El artículo tiene la autoría de Roberto Soto, jefe de Bibliotecas en la Diputación de León y Presidente de la Asociación de Profesionales de Bibliotecas Móviles de España (ACLEBIM). Se define como un convencido de la Biblioteca Pública y un incondicional de los Bibliobuses. 

Propósitos de las bibliotecas: ” (…) aumentar la concienciación en torno al patrimonio cultural y la valoración de los logros científicos y artísticos; promover el diálogo intercultural y la diversidad cultural; procurar soporte a la tradición oral (…)”

Reproducimos el artículo a continuación. Fotos de Bibliomóviles Chile.

Siguiendo las palabras de R. David Lankes*, “las bibliotecas excelentes son las que crean comunidad”, más allá de su atención a las colecciones y los servicios.

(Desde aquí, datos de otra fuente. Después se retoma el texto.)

(* Let $\alpha\in\mathbb{R}\setminus\{0\}$, fix $z>0$, and let $\lambda\le\frac34\alpha^2$, $\kappa=\sqrt{\alpha^2-\lambda}$. Then $$\Big|M\Big(\tfrac12+j+|m|+m\tfrac{\alpha}{\kappa},\,1+j+2|m|,\,z\Big)\Big|\le e^{2z}\qquad\forall m\in\mathbb{Z},\ j=0,1.$$ Moreover, there exist $\lambda_c\le\frac34\alpha^2$ and $m_c\in\mathbb{N}$, with $m_c$ independent of $\lambda_c$, such that for all $\lambda\in(0,\lambda_c)$ and all $m\in\mathbb{Z}$ with $|m|\ge m_c$, $$M\Big(\tfrac12+|m|+m\tfrac{\alpha}{\kappa},\,1+2|m|,\,z\Big)\ge\tfrac12.$$
   Context: $M(a,b,z)=\sum_{n\ge0}\frac{(a)_n}{(b)_n}\frac{z^n}{n!}$ is Kummer's confluent hypergeometric function, with $(a)_n=a(a+1)\cdots(a+n-1)$, $(a)_0=1$. *)

theory Defs
  imports Complex_Main
begin

definition kummerM :: "real \<Rightarrow> real \<Rightarrow> real \<Rightarrow> real" where
  "kummerM a b z = (\<Sum>n. pochhammer a n / pochhammer b n * z ^ n / fact n)"

end

theory Submission
  imports Defs
begin

text \<open>Both estimates compare the series of \<open>M(a,b,z)\<close> termwise with the exponential
  series. If \<open>\<bar>a + k\<bar> \<le> c (b + k)\<close> for all \<open>k\<close>, then \<open>\<bar>(a)\<^sub>n / (b)\<^sub>n\<bar> \<le> c\<^sup>n\<close> and so
  \<open>\<bar>M(a,b,z)\<bar> \<le> exp (c \<bar>z\<bar>)\<close>; for \<open>\<lambda> \<le> 3/4 \<alpha>\<^sup>2\<close> one has \<open>\<bar>\<alpha>/\<kappa>\<bar> \<le> 2\<close>, which gives \<open>c = 2\<close>.
  For the lower bound, \<open>M \<ge> 1\<close> if \<open>a \<ge> 0\<close>, while
  \<open>M - 1 = (a/b) \<Sum>\<^sub>n (a+1)\<^sub>n / (b+1)\<^sub>n z\<^sup>n\<^sup>+\<^sup>1 / (n+1)!\<close> with ratios of modulus at most \<open>1\<close>
  when \<open>\<bar>a\<bar> \<le> b\<close>; hence \<open>M \<ge> 1 - \<epsilon> (e\<^sup>z - 1)\<close> as soon as \<open>a \<ge> -\<epsilon> b\<close>. Taking \<open>\<lambda>\<^sub>c\<close> so small
  that \<open>\<bar>\<alpha>/\<kappa>\<bar> \<le> 1 + 2\<epsilon>\<close> gives \<open>a \<ge> 1/2 - 2\<epsilon>\<bar>m\<bar> \<ge> -\<epsilon> (1 + 2\<bar>m\<bar>)\<close> for every \<open>m\<close>,
  so \<open>m\<^sub>c = 0\<close> works.\<close>

lemma exp_sums_real: "(\<lambda>n. x ^ n / fact n) sums exp (x::real)"
  using exp_converges[of x] by (simp add: divide_inverse scaleR_conv_of_real mult.commute)

lemma abs_pochhammer_ratio_le:
  fixes a b c :: real
  assumes "b > 0" "c \<ge> 0" "\<And>k::nat. \<bar>a + k\<bar> \<le> c * (b + k)"
  shows "\<bar>pochhammer a n / pochhammer b n\<bar> \<le> c ^ n"
proof (induction n)
  case 0
  then show ?case by simp
next
  case (Suc n)
  have bk: "b + real n > 0" using assms(1) by simp
  have "\<bar>pochhammer a (Suc n) / pochhammer b (Suc n)\<bar>
      = \<bar>pochhammer a n / pochhammer b n\<bar> * (\<bar>a + n\<bar> / (b + n))"
    by (simp add: pochhammer_Suc abs_mult abs_divide abs_of_pos[OF bk])
  also have "\<dots> \<le> c ^ n * c"
  proof (rule mult_mono)
    show "\<bar>a + n\<bar> / (b + n) \<le> c" using assms(3)[of n] bk by (simp add: divide_le_eq)
  qed (use Suc assms(2) bk in auto)
  finally show ?case by (simp add: mult.commute)
qed

lemma abs_kummerM_term_le:
  fixes a b c z :: real
  assumes "b > 0" "c \<ge> 0" "\<And>k::nat. \<bar>a + k\<bar> \<le> c * (b + k)"
  shows "\<bar>pochhammer a n / pochhammer b n * z ^ n / fact n\<bar> \<le> (c * \<bar>z\<bar>) ^ n / fact n"
proof -
  have "\<bar>pochhammer a n / pochhammer b n * z ^ n / fact n\<bar>
      = \<bar>pochhammer a n / pochhammer b n\<bar> * \<bar>z\<bar> ^ n / fact n"
    by (simp add: abs_mult abs_divide power_abs)
  also have "\<dots> \<le> c ^ n * \<bar>z\<bar> ^ n / fact n"
    by (intro divide_right_mono mult_right_mono abs_pochhammer_ratio_le assms) auto
  finally show ?thesis by (simp add: power_mult_distrib)
qed

lemma
  fixes a b c z :: real
  assumes "b > 0" "c \<ge> 0" "\<And>k::nat. \<bar>a + k\<bar> \<le> c * (b + k)"
  shows summable_kummerM_series_bounded:
      "summable (\<lambda>n. pochhammer a n / pochhammer b n * z ^ n / fact n)"
    and abs_kummerM_le_exp: "\<bar>kummerM a b z\<bar> \<le> exp (c * \<bar>z\<bar>)"
proof -
  let ?f = "\<lambda>n. pochhammer a n / pochhammer b n * z ^ n / fact n"
  have le: "\<bar>?f n\<bar> \<le> (c * \<bar>z\<bar>) ^ n / fact n" for n
    using abs_kummerM_term_le[OF assms] .
  have sg: "summable (\<lambda>n. (c * \<bar>z\<bar>) ^ n / fact n)"
    using exp_sums_real by (rule sums_summable)
  have sa: "summable (\<lambda>n. \<bar>?f n\<bar>)"
    by (rule summable_comparison_test[OF _ sg]) (use le in auto)
  then show "summable ?f" by (rule summable_rabs_cancel)
  have "\<bar>kummerM a b z\<bar> \<le> (\<Sum>n. \<bar>?f n\<bar>)"
    unfolding kummerM_def by (rule summable_rabs[OF sa])
  also have "\<dots> \<le> (\<Sum>n. (c * \<bar>z\<bar>) ^ n / fact n)" by (rule suminf_le[OF le sa sg])
  also have "\<dots> = exp (c * \<bar>z\<bar>)" using exp_sums_real sums_unique by metis
  finally show "\<bar>kummerM a b z\<bar> \<le> exp (c * \<bar>z\<bar>)" .
qed

lemma summable_kummerM_series:
  fixes a b z :: real
  assumes "b > 0"
  shows "summable (\<lambda>n. pochhammer a n / pochhammer b n * z ^ n / fact n)"
proof (rule summable_kummerM_series_bounded)
  fix k :: nat
  have "\<bar>a\<bar> \<le> max 1 (\<bar>a\<bar> / b) * b" and "real k \<le> max 1 (\<bar>a\<bar> / b) * k"
    using assms by (auto simp: field_simps max_def intro: mult_right_mono)
  then show "\<bar>a + k\<bar> \<le> max 1 (\<bar>a\<bar> / b) * (b + k)"
    using abs_triangle_ineq[of a "real k"] by (simp add: distrib_left)
qed (use assms in auto)

lemma kummerM_ge_one:
  fixes a b z :: real
  assumes "a \<ge> 0" "b > 0" "z \<ge> 0"
  shows "1 \<le> kummerM a b z"
proof -
  let ?f = "\<lambda>n. pochhammer a n / pochhammer b n * z ^ n / fact n"
  have "1 = ?f 0" by simp
  also have "\<dots> \<le> kummerM a b z"
    unfolding kummerM_def
  proof (rule sum_le_suminf[where I = "{0}", simplified])
    show "summable ?f" using assms(2) by (rule summable_kummerM_series)
    have "0 \<le> pochhammer a n" for n
      unfolding pochhammer_prod using assms(1) by (intro prod_nonneg) auto
    then show "0 \<le> ?f n" for n
      using pochhammer_pos[OF assms(2)] assms(3) by (auto intro!: divide_nonneg_pos)
  qed
  finally show ?thesis .
qed

lemma abs_kummerM_minus_one_le:
  fixes a b z \<epsilon> :: real
  assumes "b > 0" "z \<ge> 0" "\<bar>a\<bar> \<le> \<epsilon> * b" "\<epsilon> \<le> 1"
  shows "\<bar>kummerM a b z - 1\<bar> \<le> \<epsilon> * (exp z - 1)"
proof -
  let ?f = "\<lambda>n. pochhammer a n / pochhammer b n * z ^ n / fact n"
  let ?g = "\<lambda>n. z ^ Suc n / fact (Suc n)"
  have "\<epsilon> * b \<le> 1 * b" using assms(1,4) by (intro mult_right_mono) auto
  with assms(3) have ab: "\<bar>a\<bar> \<le> b" by simp
  have "0 \<le> \<epsilon>" using assms(1,3) by (smt (verit) abs_ge_zero zero_le_mult_iff)
  have tail: "kummerM a b z - 1 = (\<Sum>n. ?f (Suc n))"
    unfolding kummerM_def using suminf_split_head[OF summable_kummerM_series[OF assms(1)]] by simp
  have term_le: "\<bar>?f (Suc n)\<bar> \<le> \<epsilon> * ?g n" for n
  proof -
    have ratio: "\<bar>pochhammer (a + 1) n / pochhammer (b + 1) n\<bar> \<le> 1 ^ n"
      by (rule abs_pochhammer_ratio_le) (use ab assms(1) in \<open>auto simp: abs_le_iff\<close>)
    have "\<bar>?f (Suc n)\<bar> = \<bar>a\<bar> / b * \<bar>pochhammer (a + 1) n / pochhammer (b + 1) n\<bar> * ?g n"
      using assms(1,2) by (simp only: pochhammer_rec) (simp add: abs_mult abs_divide)
    also have "\<dots> \<le> \<epsilon> * 1 * ?g n"
      using ratio \<open>0 \<le> \<epsilon>\<close> assms(1,2,3) by (intro mult_right_mono mult_mono) (auto simp: divide_le_eq)
    finally show ?thesis by simp
  qed
  have "?g sums (exp z - 1)"
    using exp_sums_real[of z] by (subst sums_Suc_iff) simp
  then have eps_sums: "(\<lambda>n. \<epsilon> * ?g n) sums (\<epsilon> * (exp z - 1))"
    by (rule sums_mult)
  have sa: "summable (\<lambda>n. \<bar>?f (Suc n)\<bar>)"
    by (rule summable_comparison_test[OF _ sums_summable[OF eps_sums]]) (use term_le in auto)
  have "\<bar>kummerM a b z - 1\<bar> \<le> (\<Sum>n. \<bar>?f (Suc n)\<bar>)"
    unfolding tail by (rule summable_rabs[OF sa])
  also have "\<dots> \<le> \<epsilon> * (exp z - 1)"
    using suminf_le[OF term_le sa sums_summable[OF eps_sums]] sums_unique[OF eps_sums] by simp
  finally show ?thesis .
qed

lemma kummerM_ge_one_minus:
  fixes a b z \<epsilon> :: real
  assumes "b > 0" "z \<ge> 0" "-(\<epsilon> * b) \<le> a" "0 \<le> \<epsilon>" "\<epsilon> \<le> 1"
  shows "1 - \<epsilon> * (exp z - 1) \<le> kummerM a b z"
proof (cases "a \<ge> 0")
  case True
  have "0 \<le> \<epsilon> * (exp z - 1)" using assms(2,4) by simp
  with kummerM_ge_one[OF True assms(1,2)] show ?thesis by linarith
next
  case False
  then have "\<bar>a\<bar> \<le> \<epsilon> * b" using assms(3) by simp
  from abs_kummerM_minus_one_le[OF assms(1,2) this assms(5)] show ?thesis by linarith
qed

lemma abs_div_sqrt_le:
  fixes \<alpha> lam c :: real
  assumes "\<alpha> \<noteq> 0" "c > 0" "lam \<le> \<alpha>^2 * (1 - 1 / c^2)"
  shows "\<bar>\<alpha> / sqrt (\<alpha>^2 - lam)\<bar> \<le> c"
proof -
  have "(\<bar>\<alpha>\<bar> / c)^2 \<le> \<alpha>^2 - lam"
    using assms(3) by (simp add: power_divide algebra_simps)
  then have le: "\<bar>\<alpha>\<bar> / c \<le> sqrt (\<alpha>^2 - lam)" by (rule real_le_rsqrt)
  moreover have "0 < \<bar>\<alpha>\<bar> / c" using assms(1,2) by simp
  ultimately have "0 < sqrt (\<alpha>^2 - lam)" by linarith
  with le assms(2) show ?thesis by (simp add: abs_divide divide_le_eq mult.commute)
qed

lemma abs_kummerM_index_le_exp:
  fixes r z j :: real and m :: int
  assumes "\<bar>r\<bar> \<le> 2" "j \<ge> 0"
  shows "\<bar>kummerM (1/2 + j + \<bar>m\<bar> + m * r) (1 + j + 2 * \<bar>m\<bar>) z\<bar> \<le> exp (2 * \<bar>z\<bar>)"
proof (rule abs_kummerM_le_exp)
  have "\<bar>m * r\<bar> \<le> 2 * \<bar>m\<bar>"
    using mult_left_mono[OF assms(1), of "\<bar>of_int m\<bar>"] by (simp add: abs_mult mult.commute)
  then show "\<bar>1/2 + j + \<bar>m\<bar> + m * r + k\<bar> \<le> 2 * (1 + j + 2 * \<bar>m\<bar> + k)" for k :: nat
    using assms(2) by (simp add: abs_le_iff)
qed (use assms in auto)

lemma kummerM_index_ge_one_minus:
  fixes r z \<epsilon> :: real and m :: int
  assumes "\<bar>r\<bar> \<le> 1 + 2 * \<epsilon>" "0 \<le> \<epsilon>" "\<epsilon> \<le> 1" "z \<ge> 0"
  shows "1 - \<epsilon> * (exp z - 1) \<le> kummerM (1/2 + \<bar>m\<bar> + m * r) (1 + 2 * \<bar>m\<bar>) z"
proof (rule kummerM_ge_one_minus)
  have "\<bar>m * r\<bar> \<le> (1 + 2 * \<epsilon>) * \<bar>m\<bar>"
    using mult_left_mono[OF assms(1), of "\<bar>of_int m\<bar>"] by (simp add: abs_mult mult.commute)
  then show "-(\<epsilon> * (1 + 2 * \<bar>m\<bar>)) \<le> 1/2 + \<bar>m\<bar> + m * r"
    using assms(2) by (simp add: abs_le_iff algebra_simps)
qed (use assms in auto)

theorem lemmaA2:
  fixes \<alpha> z :: real
  assumes "\<alpha> \<noteq> 0" and "z > 0"
  shows "(\<forall>lam::real. lam \<le> 3/4 * \<alpha>^2 \<longrightarrow>
            (\<forall>m::int. \<forall>j::nat. j \<in> {0, 1} \<longrightarrow>
              \<bar>kummerM (1/2 + real j + of_int \<bar>m\<bar> + of_int m * \<alpha> / sqrt (\<alpha>^2 - lam))
                       (1 + real j + 2 * of_int \<bar>m\<bar>) z\<bar> \<le> exp (2 * z)))
       \<and> (\<exists>mc::nat. \<exists>lc::real. 0 < lc \<and> lc \<le> 3/4 * \<alpha>^2 \<and>
            (\<forall>lam::real. 0 < lam \<and> lam < lc \<longrightarrow>
              (\<forall>m::int. \<bar>m\<bar> \<ge> int mc \<longrightarrow>
                kummerM (1/2 + of_int \<bar>m\<bar> + of_int m * \<alpha> / sqrt (\<alpha>^2 - lam))
                        (1 + 2 * of_int \<bar>m\<bar>) z \<ge> 1/2)))"
proof (intro conjI allI impI)
  fix lam :: real and m :: int and j :: nat
  assume "lam \<le> 3/4 * \<alpha>^2"
  then have "\<bar>\<alpha> / sqrt (\<alpha>^2 - lam)\<bar> \<le> 2"
    using abs_div_sqrt_le[OF assms(1), of 2] by simp
  from abs_kummerM_index_le_exp[OF this, of "real j" m z] assms(2)
  show "\<bar>kummerM (1/2 + real j + of_int \<bar>m\<bar> + of_int m * \<alpha> / sqrt (\<alpha>^2 - lam))
                 (1 + real j + 2 * of_int \<bar>m\<bar>) z\<bar> \<le> exp (2 * z)"
    by (simp add: mult.assoc)
next
  define \<epsilon> where "\<epsilon> = min (1/2) (1 / (2 * (exp z - 1)))"
  define lc where "lc = \<alpha>^2 * (1 - 1 / (1 + 2 * \<epsilon>)^2)"
  have ez: "exp z - 1 > 0" using assms(2) by simp
  then have \<epsilon>: "0 < \<epsilon>" "\<epsilon> \<le> 1/2" "1/2 \<le> 1 - \<epsilon> * (exp z - 1)"
    unfolding \<epsilon>_def by (auto simp: min_def field_simps)
  have "1 < (1 + 2 * \<epsilon>)^2" using \<epsilon> by (intro one_less_power) auto
  moreover have "(1 + 2 * \<epsilon>)^2 \<le> 2^2" using \<epsilon> by (intro power_mono) auto
  ultimately have q: "1 / (1 + 2 * \<epsilon>)^2 < 1" "1/4 \<le> 1 / (1 + 2 * \<epsilon>)^2"
    using \<epsilon>(1) by (simp_all add: divide_simps)
  have "0 < lc" unfolding lc_def using q assms(1) by simp
  moreover have "lc \<le> 3/4 * \<alpha>^2" unfolding lc_def
    using mult_left_mono[of "1 - 1 / (1 + 2 * \<epsilon>)^2" "3/4" "\<alpha>^2"] q by (simp add: mult.commute)
  moreover have "kummerM (1/2 + of_int \<bar>m\<bar> + of_int m * \<alpha> / sqrt (\<alpha>^2 - lam))
                         (1 + 2 * of_int \<bar>m\<bar>) z \<ge> 1/2" if "lam < lc" for lam m
  proof -
    have "\<bar>\<alpha> / sqrt (\<alpha>^2 - lam)\<bar> \<le> 1 + 2 * \<epsilon>"
      using abs_div_sqrt_le[OF assms(1)] \<epsilon> that unfolding lc_def by simp
    with \<epsilon> assms(2) have "1 - \<epsilon> * (exp z - 1)
        \<le> kummerM (1/2 + \<bar>m\<bar> + m * (\<alpha> / sqrt (\<alpha>^2 - lam))) (1 + 2 * \<bar>m\<bar>) z"
      by (intro kummerM_index_ge_one_minus) auto
    with \<epsilon>(3) show ?thesis by simp
  qed
  ultimately show "\<exists>mc::nat. \<exists>lc. 0 < lc \<and> lc \<le> 3/4 * \<alpha>^2 \<and>
            (\<forall>lam. 0 < lam \<and> lam < lc \<longrightarrow>
              (\<forall>m::int. \<bar>m\<bar> \<ge> int mc \<longrightarrow>
                kummerM (1/2 + of_int \<bar>m\<bar> + of_int m * \<alpha> / sqrt (\<alpha>^2 - lam))
                        (1 + 2 * of_int \<bar>m\<bar>) z \<ge> 1/2))"
    by blast
qed

end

La cultura tradicional constituye uno de los instrumentos más adecuados para conseguir estos fines, no en vano lleva en su esencia las características que definen y diferencian a los distintos grupos sociales que las comparten.

El propio Manifiesto de la UNESCO sobre la Biblioteca pública incluye dentro de los doce propósitos con que la distingue, cuatro directamente relacionados con la cultura connatural de las colectividades sociales y/o nacionales, tales como aumentar la concienciación en torno al patrimonio cultural y la valoración de los logros científicos y artísticos; promover el diálogo intercultural y la diversidad cultural; procurar soporte a la tradición oral; y garantizar a todos los ciudadanos el acceso a la información comunitaria.

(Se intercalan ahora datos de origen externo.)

lemma aluffi_torsion_free_modulo_if_quotient:
  assumes J1: "ideal J1 R" and J2: "ideal J2 R" and I: "ideal I R"
    and ATF: "aluffi_torsion_free (R Quot J1) (quot_image R J1 J2) (quot_image R J1 I)"
  shows "aluffi_torsion_free_modulo R J2 I J1"
  unfolding aluffi_torsion_free_modulo_def
proof (intro allI impI subsetI)
  fix n x assume n: "1 \<le> n" and x: "x \<in> (J2 <+> J1) \<inter> (ideal_pow R I n <+> J1)"
  have P: "ideal (ideal_pow R I m) R" for m using ideal_pow_ideal[OF I] .
  have xc: "x \<in> carrier R"
    using x ideal.Icarr[OF add_ideals[OF J2 J1]] by blast
  have "J1 +> x \<in> quot_image R J1 J2 \<inter> ideal_pow (R Quot J1) (quot_image R J1 I) n"
    using x rcos_mem_image_iff[OF J1 J2 xc] rcos_mem_image_iff[OF J1 P xc]
    unfolding quot_image_def quot_ideal_pow_image[OF J1 I, symmetric] by blast
  also have "\<dots> = (+>) J1 ` (J2 \<cdot> ideal_pow R I (n - 1))"
    using ATF n unfolding aluffi_torsion_free_def quot_image_def
    by (simp add: quot_ideal_pow_image[OF J1 I] quot_ideal_prod_image[OF J1 J2 P])
  finally show "x \<in> J2 \<cdot> ideal_pow R I (n - 1) <+> J1"
    using rcos_mem_image_iff[OF J1 ideal_prod_is_ideal[OF J2 P] xc] by blast
qed

lemma aluffi_torsion_free_iff_modulo_zero:
  assumes J: "ideal J R" and I: "ideal I R" and JI: "J \<subseteq> I"
  shows "aluffi_torsion_free R J I \<longleftrightarrow> aluffi_torsion_free_modulo R J I {\<zero>}"
proof -
  have P: "ideal (ideal_pow R I m) R" for m using ideal_pow_ideal[OF I] .
  have "J \<cdot> ideal_pow R I (n - 1) \<subseteq> J \<inter> ideal_pow R I n" if "1 \<le> n" for n
    using ideal_prod_ideal_pow_subset[OF J I JI, of "n - 1"] that by simp
  then show ?thesis
    unfolding aluffi_torsion_free_def aluffi_torsion_free_modulo_def
    using JI ideal.Icarr[OF J] ideal.Icarr[OF P] ideal_prod_in_carrier[OF J P]
    by (simp add: set_add_zero_right subset_iff) blast
qed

“… Bibliobús de Aysén pone en contacto a los alumnos de los centros educativos rurales con artesanos de oficios tradicionales…”

Los bibliobuses, por su propia naturaleza y modo de funcionamiento, se encuentran en una situación privilegiada para acceder a los tesoros de la cultura inmaterial, dada la especial relación que entablan con sus usuarios, donde la proximidad, la confianza, la complicidad y la identificación mutua son sus pilares fundamentales.

Aunque contamos con múltiples ejemplos, la forma de abordar el acceso a la cultura inmaterial, su recogida, procesamiento, conservación y difusión varía de unos bibliobuses a otros, en función de múltiples factores como la cualidad de la misma cultura, los medios, el ámbito geográfico o los objetivos perseguidos.

El Bibliobús de Castellón, de la mano de su bibliotecario Valentín Salvador, lleva años utilizando magistralmente el calendario de visitas como elemento de cohesión social en torno a contenidos de fuerte arraigo entre la población que sirve. A partir de un formato de calendario de pared, aprovecha el espacio dedicado a las ilustraciones para introducir, según los años, muestras de oficios tradicionales, de recetas culinarias de toda la vida, de espacios y rincones definitorios de cada localidad, o de las mascotas y animales de granja de su entorno.

Los Bibliobuses de Guadajara, por su parte, han concluido ya dos campañas centradas en el agua, una, y en la miel, otra, como elementos fundamentales en el devenir tradicional de las tierras que recorren, fruto de lo cual son sendos libros que agrupan una selección de las aportaciones recogidas en el trabajo de campo.

También los Bibliobuses de Barcelona se han ocupado de la cultura inmaterial, mediante el completo programa Memoria sobre ruedas, por el que se recoge el patrimonio oral de sus gentes a partir de unidades didácticas repartidas por los colegios, que hacen especial hincapié en los temas laborales y festivos de sus comunidades. El complemento esencia del proyecto es la web específica memoriasobrerodes.cat, que recoge todos las datos de interés del programa: poblaciones, colegios, temas, recursos, colaboradores… entre 2015 y 2017.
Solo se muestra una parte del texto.